- [TRY IT]:
Lines of the listing below that contain the string "fixes" are to be returned.

(PROVIDED RECORDS)

definition proper_gauge :: "('a::real_vector \<Rightarrow> real) \<Rightarrow> bool" where
  "proper_gauge \<nu> \<longleftrightarrow> gauge \<nu> \<and> (\<forall>x. x \<noteq> 0 \<longrightarrow> \<nu> x \<noteq> 0 \<or> \<nu> (- x) \<noteq> 0)"

text \<open>A gauged space (V, nu) is a real vector space type V with a proper gauge nu.\<close>

definition gauge_bounded ::
  "('a::real_vector \<Rightarrow> real) \<Rightarrow> ('b::real_vector \<Rightarrow> real) \<Rightarrow> ('a \<Rightarrow> 'b) \<Rightarrow> bool" where
  "gauge_bounded \<nu> \<omega> \<phi> \<longleftrightarrow> (\<exists>C>0. \<forall>x. \<omega> (\<phi> x) \<le> C * \<nu> x)"

definition gauge_contractive ::
  "('a::real_vector \<Rightarrow> real) \<Rightarrow> ('b::real_vector \<Rightarrow> real) \<Rightarrow> ('a \<Rightarrow> 'b) \<Rightarrow> bool" where
  "gauge_contractive \<nu> \<omega> \<phi> \<longleftrightarrow> (\<forall>x. \<omega> (\<phi> x) \<le> \<nu> x)"

definition gauge_ideal :: "('a::real_vector \<Rightarrow> real) \<Rightarrow> 'a set \<Rightarrow> bool" where
  "gauge_ideal \<nu> S \<longleftrightarrow> (\<forall>x a b. (\<forall>n. a n \<in> S) \<and> (\<forall>n. b n \<in> S)
      \<and> (\<lambda>n. \<nu> (x - a n)) \<longlonglongrightarrow> 0 \<and> (\<lambda>n. \<nu> (b n - x)) \<longlonglongrightarrow> 0 \<longrightarrow> x \<in> S)"

definition coset :: "'a::real_vector set \<Rightarrow> 'a \<Rightarrow> 'a set" where
  "coset S x = (\<lambda>s. x + s) ` S"

definition quotient_space :: "'a::real_vector set \<Rightarrow> 'a set set" where
  "quotient_space S = range (coset S)"

definition qadd :: "'a::real_vector set \<Rightarrow> 'a set \<Rightarrow> 'a set" where
  "qadd C D = {c + d | c d. c \<in> C \<and> d \<in> D}"

definition qscale :: "real \<Rightarrow> 'a::real_vector set \<Rightarrow> 'a set" where
  "qscale t C = (\<lambda>c. t *\<^sub>R c) ` C"

definition qneg :: "'a::real_vector set \<Rightarrow> 'a set" where
  "qneg C = uminus ` C"

definition quotient_gauge :: "('a::real_vector \<Rightarrow> real) \<Rightarrow> 'a set \<Rightarrow> real" where
  "quotient_gauge \<nu> C = Inf (\<nu> ` C)"

end

theory Submission
  imports Defs
begin

text \<open>
  If \<open>\<phi>\<close> is gauge-bounded into a proper gauge, then \<open>x - a\<^sub>n \<rightarrow> 0\<close> and \<open>b\<^sub>n - x \<rightarrow> 0\<close> with
  \<open>a\<^sub>n, b\<^sub>n \<in> ker \<phi>\<close> force \<open>\<omega>(\<phi> x) = \<omega>(-\<phi> x) = 0\<close>, hence \<open>\<phi> x = 0\<close>: kernels are gauge ideals.
  Conversely, for a gauge ideal \<open>S\<close> the infimum \<open>q(x + S)\<close> of \<open>\<nu>\<close> over a coset is a gauge,
  and the gauge ideal property is exactly what makes it proper: \<open>q(x + S) = q(-x + S) = 0\<close>
  produces the two approximating sequences from \<open>S\<close>. Since \<open>V/S\<close> is not a type, the
  gauged space \<open>W\<close> is taken to be \<open>V\<close> itself: choosing a linear projection \<open>\<phi>\<close> with kernel
  \<open>S\<close>, the gauge \<open>\<omega> y = q(y + S) + \<nu>(y - \<phi> y)\<close> is proper (the first summand on
  vectors outside \<open>S\<close>, the second on \<open>S\<close>) and \<open>\<omega>(\<phi> x) = q(x + S) \<le> \<nu> x\<close>.
\<close>

lemma subspace_kernel_of_linear_projection:
  fixes S :: "'a::real_vector set"
  assumes "subspace S"
  obtains \<phi> :: "'a \<Rightarrow> 'a" where "linear \<phi>" "{x. \<phi> x = 0} = S" "\<And>x. x - \<phi> x \<in> S"
proof -
  obtain B where B: "B \<subseteq> S" "independent B" "S \<subseteq> span B"
    by (rule maximal_independent_subset)
  have span_B: "span B = S"
    using span_subspace[OF B(1) B(3) assms] .
  define E where "E = extend_basis B"
  have E: "B \<subseteq> E" "independent E" "span E = UNIV"
    unfolding E_def using B(2) by (simp_all add: extend_basis_superset independent_extend_basis)
  obtain \<phi> :: "'a \<Rightarrow> 'a" where \<phi>: "linear \<phi>" "\<And>b. b \<in> E \<Longrightarrow> \<phi> b = (if b \<in> B then 0 else b)"
    using linear_independent_extend[OF E(2), of "\<lambda>b. if b \<in> B then 0 else b"] by blast
  have residual: "x - \<phi> x \<in> S" for x
  proof -
    have "x \<in> span E" using E(3) by simp
    then show ?thesis
    proof (rule span_induct)
      show "subspace {x. x - \<phi> x \<in> S}"
        by (rule linear_subspace_linear_preimage[OF linear_compose_sub[OF linear_ident \<phi>(1)] assms])
      show "b - \<phi> b \<in> S" if "b \<in> E" for b
        using \<phi>(2)[OF that] B(1) subspace_0[OF assms] by auto
    qed
  qed
  have "\<phi> x = 0" if "x \<in> S" for x
  proof (rule linear_eq_on[OF \<phi>(1) linear_zero])
    show "x \<in> span B"
      using span_B that by simp
    show "\<phi> b = 0" if "b \<in> B" for b
      using \<phi>(2) E(1) that by auto
  qed
  moreover have "x \<in> S" if "\<phi> x = 0" for x
    using residual[of x] that by simp
  ultimately show thesis
    using that \<phi>(1) residual by blast
qed

lemma gauge_nonneg: "gauge \<nu> \<Longrightarrow> 0 \<le> \<nu> x"
  by (simp add: gauge_def)

lemma gauge_triangle: "gauge \<nu> \<Longrightarrow> \<nu> (x + y) \<le> \<nu> x + \<nu> y"
  by (simp add: gauge_def)

lemma gauge_pos_homogeneous: "gauge \<nu> \<Longrightarrow> t > 0 \<Longrightarrow> \<nu> (t *\<^sub>R x) = t * \<nu> x"
  by (simp add: gauge_def)

lemma gauge_zero: "gauge \<nu> \<Longrightarrow> \<nu> 0 = 0"
  using gauge_pos_homogeneous[of \<nu> 2 0] by simp

lemma gauge_add:
  assumes "gauge \<mu>" "gauge \<nu>"
  shows "gauge (\<lambda>x. \<mu> x + \<nu> x)"
proof -
  have "\<mu> (x + y) + \<nu> (x + y) \<le> (\<mu> x + \<nu> x) + (\<mu> y + \<nu> y)" for x y
    using add_mono[OF gauge_triangle[OF assms(1), of x y] gauge_triangle[OF assms(2), of x y]]
    by (simp add: algebra_simps)
  then show ?thesis
    using assms unfolding gauge_def by (simp add: distrib_left)
qed

lemma gauge_linear_comp: "gauge \<nu> \<Longrightarrow> linear f \<Longrightarrow> gauge (\<lambda>x. \<nu> (f x))"
  unfolding gauge_def by (simp add: linear_add linear_scale)

lemma proper_gauge_imp_gauge: "proper_gauge \<nu> \<Longrightarrow> gauge \<nu>"
  by (simp add: proper_gauge_def)

lemma gauge_contractive_imp_bounded: "gauge_contractive \<nu> \<omega> \<phi> \<Longrightarrow> gauge_bounded \<nu> \<omega> \<phi>"
  unfolding gauge_contractive_def gauge_bounded_def by (metis mult_1 zero_less_one)

lemma gauge_bounded_image_eq_0:
  assumes "gauge \<omega>" "gauge_bounded \<nu> \<omega> \<phi>"
    and "(\<lambda>n. \<nu> (x n)) \<longlonglongrightarrow> 0" "\<And>n. \<phi> (x n) = y"
  shows "\<omega> y = 0"
proof -
  obtain C where C: "C > 0" "\<And>x. \<omega> (\<phi> x) \<le> C * \<nu> x"
    using assms(2) unfolding gauge_bounded_def by blast
  have "\<omega> y \<le> C * \<nu> (x n)" for n
    using C(2)[of "x n"] assms(4) by simp
  moreover have "(\<lambda>n. C * \<nu> (x n)) \<longlonglongrightarrow> 0"
    using tendsto_mult_right_zero[OF assms(3)] .
  ultimately have "\<omega> y \<le> 0"
    by (intro LIMSEQ_le_const[of "\<lambda>n. C * \<nu> (x n)"]) auto
  then show ?thesis
    using gauge_nonneg[OF assms(1)] by (meson order_antisym)
qed

lemma gauge_idealD:
  "gauge_ideal \<nu> S \<Longrightarrow> (\<And>n. a n \<in> S) \<Longrightarrow> (\<And>n. b n \<in> S)
    \<Longrightarrow> (\<lambda>n. \<nu> (x - a n)) \<longlonglongrightarrow> 0 \<Longrightarrow> (\<lambda>n. \<nu> (b n - x)) \<longlonglongrightarrow> 0 \<Longrightarrow> x \<in> S"
  unfolding gauge_ideal_def by blast

lemma gauge_ideal_kernel:
  fixes \<omega> :: "'b::real_vector \<Rightarrow> real"
  assumes "proper_gauge \<omega>" "linear \<phi>" "gauge_bounded \<nu> \<omega> \<phi>" "S = {x. \<phi> x = 0}"
  shows "gauge_ideal \<nu> S"
  unfolding gauge_ideal_def
proof (intro allI impI, elim conjE)
  fix x a b
  assume "\<forall>n. a n \<in> S" "\<forall>n. b n \<in> S"
    and a: "(\<lambda>n. \<nu> (x - a n)) \<longlonglongrightarrow> 0" and b: "(\<lambda>n. \<nu> (b n - x)) \<longlonglongrightarrow> 0"
  then have "\<phi> (a n) = 0" "\<phi> (b n) = 0" for n
    using assms(4) by auto
  then have "\<phi> (x - a n) = \<phi> x" "\<phi> (b n - x) = - \<phi> x" for n
    using linear_diff[OF assms(2)] by simp_all
  with a b have "\<omega> (\<phi> x) = 0" "\<omega> (- \<phi> x) = 0"
    by (auto intro: gauge_bounded_image_eq_0[OF proper_gauge_imp_gauge[OF assms(1)] assms(3)])
  then have "\<phi> x = 0"
    using assms(1) unfolding proper_gauge_def by blast
  then show "x \<in> S"
    using assms(4) by simp
qed

lemma coset_eq_iff:
  assumes "subspace S"
  shows "coset S x = coset S y \<longleftrightarrow> x - y \<in> S"
proof
  assume "coset S x = coset S y"
  moreover have "x \<in> coset S x"
    unfolding coset_def using subspace_0[OF assms] by force
  ultimately obtain s where "s \<in> S" "x = y + s"
    unfolding coset_def by auto
  then show "x - y \<in> S" by simp
next
  assume "x - y \<in> S"
  then have "x + s \<in> coset S y" "y + s \<in> coset S x" if "s \<in> S" for s
    unfolding coset_def using that subspace_add[OF assms] subspace_diff[OF assms]
    by (force simp: image_iff intro: bexI[of _ "x - y + s"] bexI[of _ "s - (x - y)"])+
  then show "coset S x = coset S y"
    unfolding coset_def by blast
qed

lemma ball_quotient_space: "(\<forall>C\<in>quotient_space S. P C) \<longleftrightarrow> (\<forall>x. P (coset S x))"
  by (simp add: quotient_space_def)

lemma qadd_coset:
  assumes "subspace S"
  shows "qadd (coset S x) (coset S y) = coset S (x + y)"
proof (rule set_eqI, rule iffI)
  fix z assume "z \<in> qadd (coset S x) (coset S y)"
  then obtain s s' where "s \<in> S" "s' \<in> S" "z = (x + y) + (s + s')"
    unfolding qadd_def coset_def by (auto simp: algebra_simps)
  then show "z \<in> coset S (x + y)"
    unfolding coset_def using subspace_add[OF assms] by blast
next
  fix z assume "z \<in> coset S (x + y)"
  then obtain s where "s \<in> S" "z = (x + s) + (y + 0)"
    unfolding coset_def by (auto simp: algebra_simps)
  then show "z \<in> qadd (coset S x) (coset S y)"
    unfolding qadd_def coset_def using subspace_0[OF assms] by blast
qed

lemma subspace_scaleR_image:
  assumes "subspace S" "t \<noteq> 0"
  shows "(\<lambda>s. t *\<^sub>R s) ` S = S"
proof
  show "(\<lambda>s. t *\<^sub>R s) ` S \<subseteq> S"
    using subspace_scale[OF assms(1)] by auto
  have "s = t *\<^sub>R ((1/t) *\<^sub>R s)" "(1/t) *\<^sub>R s \<in> S" if "s \<in> S" for s
    using assms subspace_scale that by auto
  then show "S \<subseteq> (\<lambda>s. t *\<^sub>R s) ` S"
    by blast
qed

lemma qscale_coset:
  assumes "subspace S" "t \<noteq> 0"
  shows "qscale t (coset S x) = coset S (t *\<^sub>R x)"
proof -
  have "qscale t (coset S x) = (\<lambda>s. t *\<^sub>R x + s) ` ((\<lambda>s. t *\<^sub>R s) ` S)"
    unfolding qscale_def coset_def image_image by (simp add: scaleR_add_right)
  then show ?thesis
    unfolding subspace_scaleR_image[OF assms] coset_def .
qed

lemma qneg_coset:
  assumes "subspace S"
  shows "qneg (coset S x) = coset S (- x)"
proof -
  have "qneg (coset S x) = qscale (-1) (coset S x)"
    unfolding qneg_def qscale_def by simp
  then show ?thesis
    using qscale_coset[OF assms, of "-1"] by simp
qed

definition coset_gauge :: "('a::real_vector \<Rightarrow> real) \<Rightarrow> 'a set \<Rightarrow> 'a \<Rightarrow> real" where
  "coset_gauge \<nu> S x = quotient_gauge \<nu> (coset S x)"

lemma coset_gauge_eq_Inf: "coset_gauge \<nu> S x = Inf ((\<lambda>s. \<nu> (x + s)) ` S)"
  unfolding coset_gauge_def quotient_gauge_def coset_def by (simp add: image_image)

lemma coset_gauge_cong: "subspace S \<Longrightarrow> x - y \<in> S \<Longrightarrow> coset_gauge \<nu> S x = coset_gauge \<nu> S y"
  unfolding coset_gauge_def using coset_eq_iff[of S x y] by simp

context
  fixes \<nu> :: "'a::real_vector \<Rightarrow> real" and S :: "'a set"
  assumes gauge: "gauge \<nu>" and subspace: "subspace S"
begin

lemma coset_gauge_le: "s \<in> S \<Longrightarrow> coset_gauge \<nu> S x \<le> \<nu> (x + s)"
  unfolding coset_gauge_eq_Inf
  by (rule cInf_lower) (auto intro: bdd_belowI[of _ 0] gauge_nonneg[OF gauge])

lemma coset_gauge_greatest: "(\<And>s. s \<in> S \<Longrightarrow> c \<le> \<nu> (x + s)) \<Longrightarrow> c \<le> coset_gauge \<nu> S x"
  unfolding coset_gauge_eq_Inf using subspace_0[OF subspace] by (intro cInf_greatest) auto

lemma coset_gauge_le_gauge: "coset_gauge \<nu> S x \<le> \<nu> x"
  using coset_gauge_le[of 0 x] subspace_0[OF subspace] by simp

lemma coset_gauge_nonneg: "0 \<le> coset_gauge \<nu> S x"
  by (rule coset_gauge_greatest) (rule gauge_nonneg[OF gauge])

lemma coset_gauge_triangle: "coset_gauge \<nu> S (x + y) \<le> coset_gauge \<nu> S x + coset_gauge \<nu> S y"
proof -
  have "coset_gauge \<nu> S (x + y) - \<nu> (y + s') \<le> coset_gauge \<nu> S x" if "s' \<in> S" for s'
  proof (rule coset_gauge_greatest)
    fix s assume "s \<in> S"
    have "coset_gauge \<nu> S (x + y) \<le> \<nu> ((x + y) + (s + s'))"
      using coset_gauge_le subspace_add[OF subspace \<open>s \<in> S\<close> that] .
    also have "(x + y) + (s + s') = (x + s) + (y + s')"
      by (simp add: algebra_simps)
    finally show "coset_gauge \<nu> S (x + y) - \<nu> (y + s') \<le> \<nu> (x + s)"
      using gauge_triangle[OF gauge, of "x + s" "y + s'"] by simp
  qed
  then have "coset_gauge \<nu> S (x + y) - coset_gauge \<nu> S x \<le> coset_gauge \<nu> S y"
    by (intro coset_gauge_greatest) (simp add: algebra_simps)
  then show ?thesis by simp
qed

(End PROVIDED RECORDS)

- [THE COMPLETED TASK]:
  fixes S :: "'a::real_vector set"
  fixes \<omega> :: "'b::real_vector \<Rightarrow> real"
  fixes \<nu> :: "'a::real_vector \<Rightarrow> real" and S :: "'a set"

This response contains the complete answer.